After a few months of coding, including a week for the basic atmospherics frame, SS13 was released in BYOND on February 16, 2003. The Old Storyline, in all its flowchart glory, was posted some months later.
It was not a very popular game. A few servers were available, but player numbers rarely reached double digits. The community itself consisted of less than twenty people, with 5 of them, including Exadv1 himself, holding admin powers. Unlike today, most of them knew each other from other, far more popular BYOND games and often had each other on their friends list.
Much like today, most people spent their rounds bashing each other's heads in with toolboxes and air tanks. While there were jobs like Medical Doctor, Station Engineer, and Toxins Researcher, job-related content was quite sparse, so many were bored with nothing better to do besides beat each other up. Unlike today, hardly anybody minded. Most people saw it as friendly horseplay or forgive/forgot about it later. That's not to say there wasn't any drama. There was some bit of tension between players who preferred roleplay and those who preferred action, and, when host files were distributed later on, there were a few admins and server owners known to abuse their powers. That said, it was of a much smaller scope than today.
And that was all they did. Initially, there were no game modes at all; the "round" ended whenever someone decided to take down the server. However, shortly after the release, Exadv1 did add a handful of game modes.
- Traitor: One crew member was actually a Syndicate agent tasked with assassinating someone, usually the Captain. The crew could discover the identity of the traitor by using, of all things, Research. Later on, traitors gained uplinks and access to a handful of weapons and tools.
- Meteor: Poorly-drawn meteors would occasionally collide into some random part of the station, tearing up any walls, windows, machinery, and people (though not any floors) in the way. Had a rather poor reputation as being unfun.
- Extended: No antagonists or hazards would spawn, so the station crew were free to build things and beat the crap out of each other without any space rocks or assassins to interrupt them. So-called because the shuttle arrived later than usual, i.e. the round length was "extended" for a while longer.

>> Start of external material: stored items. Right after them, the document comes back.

(* Let $\Gamma\curvearrowright X, I$ be a dynamical ideal with permutation model $W[[X]]$. (1) If the dynamical ideal is $\sigma$-complete, then $W[[X]]$ satisfies the axiom of countable choice. (2) If the dynamical ideal is definably closed and $W[[X]]$ satisfies the axiom of countable choice, then the dynamical ideal is $\sigma$-complete.
   Context: Work in ZFC. $V[[X]]$ is the well-founded model of ZFCA with set of atoms exactly $X$ in which every set of elements is represented by an element; a group action of $\Gamma$ on $X$ extends to $V[[X]]$ by $\gamma\cdot A=\{\gamma\cdot B:B\in A\}$. $\mathrm{stab}(A)=\{\gamma:\gamma\cdot A=A\}$, $\mathrm{pstab}(a)=\{\gamma:\gamma\cdot B=B\ \forall B\in a\}$. A dynamical ideal $\Gamma\curvearrowright X, I$: a group $\Gamma$ acting on $X$ and a $\Gamma$-invariant ideal $I$ on $X$ containing all singletons. Its permutation model $W[[X]]$ is the class of $A\in V[[X]]$ such that $A$ and every element of its transitive closure are symmetric, where $A$ is symmetric if $\mathrm{pstab}(b)\subseteq\mathrm{stab}(A)$ for some $b\in I$. The axiom of countable choice: every countable family of nonempty sets has a choice function. The dynamical ideal is $\sigma$-complete if for every $a\in I$ and every sequence $\langle b_n:n\in\omega\rangle$ of sets in $I$ there are $\gamma_n\in\mathrm{pstab}(a)$ with $\bigcup_n\gamma_n\cdot b_n\in I$. A set $a\subseteq X$ is definably closed if for every $x\in X\setminus a$ there is $\gamma\in\mathrm{pstab}(a)$ with $\gamma\cdot x\neq x$; the dynamical ideal is definably closed if every set in $I$ is a subset of a definably closed set in $I$. *)

theory Defs
  imports "HOL-Algebra.Group_Action"
begin
definition symmetric2 :: "('n::finite, 'k::comm_ring_1) tensor2 \<Rightarrow> bool" where
  "symmetric2 r \<longleftrightarrow> (\<forall>\<alpha> \<beta>. rform r \<alpha> \<beta> = rform r \<beta> \<alpha>)"

text \<open>[r,r] in g \<otimes> g \<otimes> g, evaluated on \<alpha> \<otimes> \<beta> \<otimes> \<gamma>.\<close>
definition rr3 :: "('n::finite, 'k::comm_ring_1) prod_op \<Rightarrow> ('n, 'k) tensor2
     \<Rightarrow> ('n \<Rightarrow> 'k) \<Rightarrow> ('n \<Rightarrow> 'k) \<Rightarrow> ('n \<Rightarrow> 'k) \<Rightarrow> 'k" where
  "rr3 m r \<alpha> \<beta> \<gamma> =
     - sum_list (map (\<lambda>(ai, bi). sum_list (map (\<lambda>(aj, bj).
          pair \<alpha> (m ai aj) * pair \<beta> bi * pair \<gamma> bj) r)) r)
     + sum_list (map (\<lambda>(ai, bi). sum_list (map (\<lambda>(aj, bj).
          pair \<alpha> ai * pair \<beta> (m bi aj) * pair \<gamma> bj) r)) r)
     + sum_list (map (\<lambda>(ai, bi). sum_list (map (\<lambda>(aj, bj).
          pair \<alpha> ai * pair \<beta> aj * pair \<gamma> (brg m bi bj)) r)) r)"

definition s_matrix :: "('n::finite, 'k::comm_ring_1) prod_op \<Rightarrow> ('n, 'k) tensor2 \<Rightarrow> bool" where
  "s_matrix m r \<longleftrightarrow> (\<forall>\<alpha> \<beta> \<gamma>. rr3 m r \<alpha> \<beta> \<gamma> = 0)"
(* Consider a collaborative learning problem with $k$ agents, strategy space $\Theta\subseteq\mathbb{R}_+^k$, utilities $u_i$ and thresholds $\mu_i$, and for each $i$ let $\vartheta_i\ge0$ satisfy $u_i(\vartheta_i,\mathbf{0}_{-i})\ge\mu_i$. Define the best-response map $\mathbf{f}:\prod_{i=1}^k[0,\vartheta_i]\to\prod_{i=1}^k[0,\vartheta_i]$ by $\mathbf{f}({\boldsymbol\theta})=(f_i({\boldsymbol\theta}))_{i\in[k]}$, where $f_i({\boldsymbol\theta})$ is the smallest $x\ge0$ with $u_i(x,{\boldsymbol\theta}_{-i})\ge\mu_i$. If the utilities are well-behaved over $\prod_{i=1}^k[0,\vartheta_i]\subseteq\Theta$, then $\mathbf{f}$ has a fixed point, i.e. there is ${\boldsymbol\theta}\in\prod_{i=1}^k[0,\vartheta_i]$ with $\mathbf{f}({\boldsymbol\theta})={\boldsymbol\theta}$.
   Context: Standing assumption: each $u_i$ is non-decreasing in every coordinate. $(x,{\boldsymbol\theta}_{-i})$ denotes ${\boldsymbol\theta}$ with $i$-th entry replaced by $x$. Utilities are well-behaved over $\prod_{i=1}^k[0,C_i]\subseteq\Theta$ if for each agent $i$ there are constants $c_1^i\ge0$, $c_2^i>0$ such that for all ${\boldsymbol\theta}$ in this box: $\partial u_i({\boldsymbol\theta})/\partial\theta_i\ge c_2^i$, and for all $j\ne i$, $0\le\partial u_i({\boldsymbol\theta})/\partial\theta_j\le c_1^i$. *)

theory Defs
  imports "HOL-Analysis.Analysis"
begin

text \<open>(x, theta_{-i}): theta with i-th entry replaced by x.\<close>
definition repl :: "real^'k \<Rightarrow> 'k \<Rightarrow> real \<Rightarrow> real^'k" where
  "repl \<theta> i x = (\<chi> j. if j = i then x else \<theta> $ j)"

definition prodbox :: "('k::finite \<Rightarrow> real) \<Rightarrow> (real^'k) set" where
  "prodbox C = {\<theta>. \<forall>j. 0 \<le> \<theta> $ j \<and> \<theta> $ j \<le> C j}"

definition coord_mono :: "(real^'k) set \<Rightarrow> (real^'k \<Rightarrow> real) \<Rightarrow> bool" where
  "coord_mono \<Theta> v = (\<forall>\<theta> j x y. repl \<theta> j x \<in> \<Theta> \<and> repl \<theta> j y \<in> \<Theta> \<and> x \<le> y
       \<longrightarrow> v (repl \<theta> j x) \<le> v (repl \<theta> j y))"

text \<open>Well-behaved utilities over the box prod_i [0,C_i]; partial derivatives are taken
  along coordinate j within the interval [0, C_j] (one-sided at the box boundary).\<close>
definition well_behaved :: "('k::finite \<Rightarrow> real^'k \<Rightarrow> real) \<Rightarrow> ('k \<Rightarrow> real) \<Rightarrow> bool" where
  "well_behaved u C = (\<forall>i. \<exists>c1 c2. c1 \<ge> 0 \<and> c2 > 0 \<and>
     (\<forall>\<theta>\<in>prodbox C. \<forall>j. \<exists>D.
        ((\<lambda>t. u i (repl \<theta> j t)) has_real_derivative D) (at (\<theta> $ j) within {0..C j}) \<and>
        (j = i \<longrightarrow> D \<ge> c2) \<and> (j \<noteq> i \<longrightarrow> 0 \<le> D \<and> D \<le> c1)))"

definition best_response :: "('k \<Rightarrow> real^'k \<Rightarrow> real) \<Rightarrow> ('k \<Rightarrow> real) \<Rightarrow> 'k \<Rightarrow> real^'k \<Rightarrow> real" where
  "best_response u \<mu> i \<theta> = (LEAST x::real. 0 \<le> x \<and> \<mu> i \<le> u i (repl \<theta> i x))"

end

theory Submission
  imports Defs
begin

text \<open>Each best response is Lipschitz on the box: raising agent i's own coordinate by
  \<open>\<delta>\<close> gains at least \<open>c\<^sub>2 \<delta>\<close> in utility, while moving the other coordinates by a total of
  \<open>d\<close> loses at most \<open>c\<^sub>1 d\<close>, so the least coordinate reaching the threshold moves by at most
  \<open>(c\<^sub>1/c\<^sub>2) d\<close>. Starting from \<open>\<vartheta>\<^sub>i\<close> at \<open>\<theta>\<^sub>-\<^sub>i = 0\<close>, the same estimate keeps every best response
  in \<open>[0, \<vartheta>\<^sub>i]\<close>, so the best-response map is a continuous self-map of a compact box and
  Brouwer's theorem gives a fixed point.\<close>

lemma increment_ge_of_derivative_ge:
  fixes h :: "real \<Rightarrow> real"
  assumes der: "\<And>t. t \<in> {a..b} \<Longrightarrow> \<exists>D. (h has_real_derivative D) (at t within {a..b}) \<and> lo \<le> D"
    and "a \<le> s" "s \<le> t" "t \<le> b"
  shows "lo * (t - s) \<le> h t - h s"
proof -
  have cont: "continuous_on {a..b} h"
    unfolding continuous_on_eq_continuous_within using der DERIV_continuous by blast
  have "(\<lambda>x. h x - lo * x) s \<le> (\<lambda>x. h x - lo * x) t"
  proof (rule DERIV_nonneg_imp_increasing_open[OF \<open>s \<le> t\<close>])
    fix x assume "s < x" "x < t"
    then have x: "a < x" "x < b" using assms by auto
    obtain D where D: "(h has_real_derivative D) (at x within {a..b})" "lo \<le> D"
      using der[of x] x by auto
    have "(h has_real_derivative D) (at x)" using D(1) at_within_Icc_at[OF x] by simp
    then have "((\<lambda>x. h x - lo * x) has_real_derivative D - lo) (at x)"
      by (auto intro!: derivative_eq_intros)
    then show "\<exists>y. DERIV (\<lambda>x. h x - lo * x) x :> y \<and> 0 \<le> y" using D(2) by auto
  next
    show "continuous_on {s..t} (\<lambda>x. h x - lo * x)"
      by (intro continuous_intros continuous_on_subset[OF cont]) (use assms in auto)
  qed
  then show ?thesis by (simp add: algebra_simps)
qed

lemma increment_le_of_derivative_le:
  fixes h :: "real \<Rightarrow> real"
  assumes der: "\<And>t. t \<in> {a..b} \<Longrightarrow> \<exists>D. (h has_real_derivative D) (at t within {a..b}) \<and> D \<le> hi"
    and "a \<le> s" "s \<le> t" "t \<le> b"
  shows "h t - h s \<le> hi * (t - s)"
proof -
  have "(- hi) * (t - s) \<le> (- h t) - (- h s)"
  proof (rule increment_ge_of_derivative_ge[where a = a and b = b and h = "\<lambda>x. - h x"])
    fix t assume "t \<in> {a..b}"
    then obtain D where "(h has_real_derivative D) (at t within {a..b})" "D \<le> hi"
      using der by blast
    then show "\<exists>D. ((\<lambda>x. - h x) has_real_derivative D) (at t within {a..b}) \<and> - hi \<le> D"
      by (intro exI[of _ "- D"]) (auto intro!: derivative_eq_intros)
  qed (use assms in auto)
  then show ?thesis by (simp add: algebra_simps)
qed

lemma sum_abs_components_le_card_dist:
  fixes x y :: "real^'n"
  shows "(\<Sum>j\<in>UNIV. \<bar>x $ j - y $ j\<bar>) \<le> real CARD('n) * dist x y"
proof -
  have "(\<Sum>j\<in>UNIV. \<bar>x $ j - y $ j\<bar>) \<le> (\<Sum>j\<in>(UNIV::'n set). dist x y)"
    by (intro sum_mono) (metis component_le_norm_cart dist_norm vector_minus_component)
  then show ?thesis by simp
qed

lemma repl_nth [simp]: "repl p i x $ j = (if j = i then x else p $ j)"
  by (simp add: repl_def)

lemma repl_repl [simp]: "repl (repl p i t) i s = repl p i s"
  by (simp add: vec_eq_iff)

lemma repl_nth_self [simp]: "repl p i (p $ i) = p"
  by (simp add: vec_eq_iff)

lemma repl_in_prodbox: "p \<in> prodbox C \<Longrightarrow> t \<in> {0..C j} \<Longrightarrow> repl p j t \<in> prodbox C"
  by (auto simp: prodbox_def)

lemma nth_in_prodbox: "p \<in> prodbox C \<Longrightarrow> p $ j \<in> {0..C j}"
  by (auto simp: prodbox_def)

lemma zero_in_prodbox: "(\<And>j. 0 \<le> C j) \<Longrightarrow> 0 \<in> prodbox C"
  by (simp add: prodbox_def)

lemma prodbox_eq_cbox: "prodbox C = cbox 0 (\<chi> j. C j)"
  by (auto simp: prodbox_def mem_box_cart)

locale well_behaved_agent =
  fixes v :: "real^'k::finite \<Rightarrow> real" and C :: "'k \<Rightarrow> real" and i :: 'k and c1 c2 :: real
  assumes c1_nonneg: "0 \<le> c1" and c2_pos: "0 < c2"
    and partial_derivative: "\<And>\<theta> j. \<theta> \<in> prodbox C \<Longrightarrow> \<exists>D.
      ((\<lambda>t. v (repl \<theta> j t)) has_real_derivative D) (at (\<theta> $ j) within {0..C j}) \<and>
      (j = i \<longrightarrow> c2 \<le> D) \<and> (j \<noteq> i \<longrightarrow> 0 \<le> D \<and> D \<le> c1)"
begin
(* Let $t_0>0$, $D\ge0$, $\alpha_1,\alpha_2\in\mathbb{R}$ and $i\in\mathbb{Z}^+$ with $\alpha_1\le\alpha_2-1$ and $\alpha_2-\alpha_1\le i$. Let $F:\{-1,\dots,i\}\times[\alpha_1-1,\alpha_2]\times[t_0,\infty)\to[0,\infty)$ be such that $F(j,\alpha,t)$ is Lebesgue measurable in $t$ for each $\alpha,j$. Let $\gamma\ge0$. Assume: (1) (monotonicity) for all $j,j_1,j_2\in\{-1,\dots,i\}$ with $j_1\le j_2$, all $\beta,\beta_1,\beta_2\in[\alpha_1,\alpha_2]$ with $\beta_1\le\beta_2$, and all $t\ge t_0$: $F(j_1,\beta,t)\lesssim F(j_2,\beta,t)$ and $F(j,\beta_1,t)\lesssim F(j,\beta_2,t)$; (2) (interpolation) for all $j\in\{-1,\dots,i\}$, all $\alpha,\beta_1,\beta_2\in[\alpha_1,\alpha_2]$ with $\beta_1\le\alpha\le\beta_2$, and all $t\ge t_0$: $F(j,\alpha,t)\lesssim F(j,\beta_1,t)^{\frac{\beta_2-\alpha}{\beta_2-\beta_1}}F(j,\beta_2,t)^{\frac{\alpha-\beta_1}{\beta_2-\beta_1}}$; (3) (energy and Morawetz estimate) for all $j\in\{0,\dots,i\}$, $\alpha\in[\alpha_1,\alpha_2]$ and $t_2\ge t_1\ge t_0$: $F(j,\alpha,t_2)+\int_{t_1}^{t_2}F(j-1,\alpha-1,t)\,dt\lesssim F(j,\alpha,t_1)+Dt_1^{\alpha-\alpha_2-\gamma}$; (4) (initial decay rate) if $\gamma>0$, then for all $t\ge t_0$: $F(i,\alpha_2,t)\lesssim t^{-\gamma}(F(i,\alpha_2,t_0)+D)$. Then for all $j\in\{0,\dots,i\}$, all $\alpha\in[\max\{\alpha_1,\alpha_2-j\},\alpha_2]$ and all $t\ge t_0$, $$F(i-j,\alpha,t)\lesssim t^{\alpha-\alpha_2-\gamma}(F(i,\alpha_2,t_0)+D),$$ where the implicit constant may depend on $\alpha_1$ and $\alpha_2$.
   Context: $A\lesssim B$ means $A\le CB$ for a constant $C$ independent of $t,t_1,t_2$ and $D$. In the paper $t_0=10M>0$. *)

theory Defs
  imports "HOL-Analysis.Analysis"
begin

end

theory Submission
  imports Defs
begin

(* Say that level (j, \<beta>) decays with constant A if
   F(j, \<beta>, t) \<le> A t^(\<beta> - \<alpha>2 - \<gamma>) (F(i, \<alpha>2, t0) + D) for all t \<ge> t0.
   The top level (i, \<alpha>2) decays by hypothesis (4), or by the energy estimate when \<gamma> = 0.
   Decay of (j, \<beta>) passes to (j - 1, \<beta> - 1): the energy estimate on [\<tau>/2, \<tau>] bounds the
   integral of F(j - 1, \<beta> - 1) by O(\<tau>^(\<beta> - \<alpha>2 - \<gamma>)), so at some s in that interval
   F(j - 1, \<beta> - 1, s) = O(\<tau>^(\<beta> - 1 - \<alpha>2 - \<gamma>)), and the energy estimate from s to \<tau>
   carries this bound to time \<tau>. Iterating reaches the levels (i - n, \<alpha>2 - n); other weights
   follow by interpolation between neighbouring levels and lower indices by monotonicity in j.
   If \<alpha>1 is not of the form \<alpha>2 - n, the weight \<alpha>1 is reached by interpolating at \<alpha>1 + 1
   and taking one more step. *)

lemma nn_integral_le_imp_le_twice_average:
  fixes f :: "real \<Rightarrow> real"
  assumes ab: "a < b" and M: "M > 0"
    and int_le: "(\<integral>\<^sup>+ s\<in>{a..b}. ennreal (f s) \<partial>lebesgue) \<le> ennreal M"
  shows "\<exists>s\<in>{a..b}. f s \<le> 2 * M / (b - a)"
proof (rule ccontr)
  \<comment> \<open>The factor 2 makes the contradiction strict without any measurability of f.\<close>
  assume "\<not> ?thesis"
  then have "\<And>s. s \<in> {a..b} \<Longrightarrow> 2 * M / (b - a) \<le> f s"
    by force
  then have "(\<integral>\<^sup>+ s. ennreal (2 * M / (b - a)) * indicator {a..b} s \<partial>lebesgue)
      \<le> (\<integral>\<^sup>+ s\<in>{a..b}. ennreal (f s) \<partial>lebesgue)"
    by (intro nn_integral_mono) (auto simp: indicator_def intro!: ennreal_leI)
  also have "(\<integral>\<^sup>+ s. ennreal (2 * M / (b - a)) * indicator {a..b} s \<partial>lebesgue) = ennreal (2 * M)"
    using ab M by (simp add: nn_integral_cmult_indicator ennreal_mult''[symmetric])
  finally have "ennreal (2 * M) \<le> ennreal M"
    using int_le by (rule order.trans)
  with M show False
    by simp
qed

Later on, a few more were added:
- Monkey/Infection/Monkey Infection: One player was a monkey with a disease that turned other people into monkeys. Reception was rather mixed.
- Nuke: A crew of Syndicate operatives attempted to destroy the station with a nuclear bomb. Unlike in modern Goonstation, the nuke required inserting the auth disk, activating lots of weird random toggles, and inputting a special code.
Over time, Exadv1 gradually drifted away from SS13 to focus on school and other projects. In the years since, the SS13 community stayed active but stagnant. The team Exadv1 appointed continued to develop his code and maintain the SS13 forums and website. One of the team members, a programmer going by AZA, attempted to remake SS13 four times, with little progress. Meanwhile, a user named Hobnob was hard at work reverse-engineering SS13, decompiling host files and splicing binaries, eventually managing to create his own mapping tool. Remember these names.
Suddenly, in March 2008, the source code for SS13 was unexpectedly released. The exact details are still rather hazy, and there are many rumors on how and why the source got released.
Immediately after the release, many suspected that a disgruntled programmer leaked the code, supposedly against Exadv1's will. Several stories claim the code was actually stolen, with many versions saying one of Exadv1's own friends pilfered a flash drive with the source during a house visit, in some versions accidentally, some intentionally. Other speculate that Exadv1 gave the host files to somebody (typically AZA, one of the programmers), who, after some disagreements, (the particular issues vary) gave to another user, Hobnob. Hobnob then decompiled the code himself and gave it to AZA, who then released it.
Exadv1 himself did not witness the leak, as he had left SS13 long ago to focus on schoolwork. He has no recollection of any flash drives being stolen, and, besides, he kept the source on a hard drive, not a flash drive. In fact, in his 2017 interview, listed below, Exadv1 insisted there was no theft of any sort at all. Rather, he willingly handed over a copy of the source to AZA and gave him the rights to do essentially whatever he wished do with it, including, implicitly, release it. One of the old SS13.net blog posts somewhat confirms that AZA had this sort of privilege, making this one of the more plausible versions of the story, but, unfortunately, the Downloads page reminds lost to the ages.
What we know for certain is that many of the features common to every SS13 server today, such as the power network and the lighting system, arose shortly after, and arguably because of, the release. You can take a look at some of them here and watch some Goonstation admins (and few other users) attempt to play it in the video below:
Eventually, Hobnob and a few other users created the first open-source version of SS13 called, in the typical OSS creativity, OpenSS13. Thanks to the open source, Space Station 13 gradually improved in quality and gained popularity within gaming communities.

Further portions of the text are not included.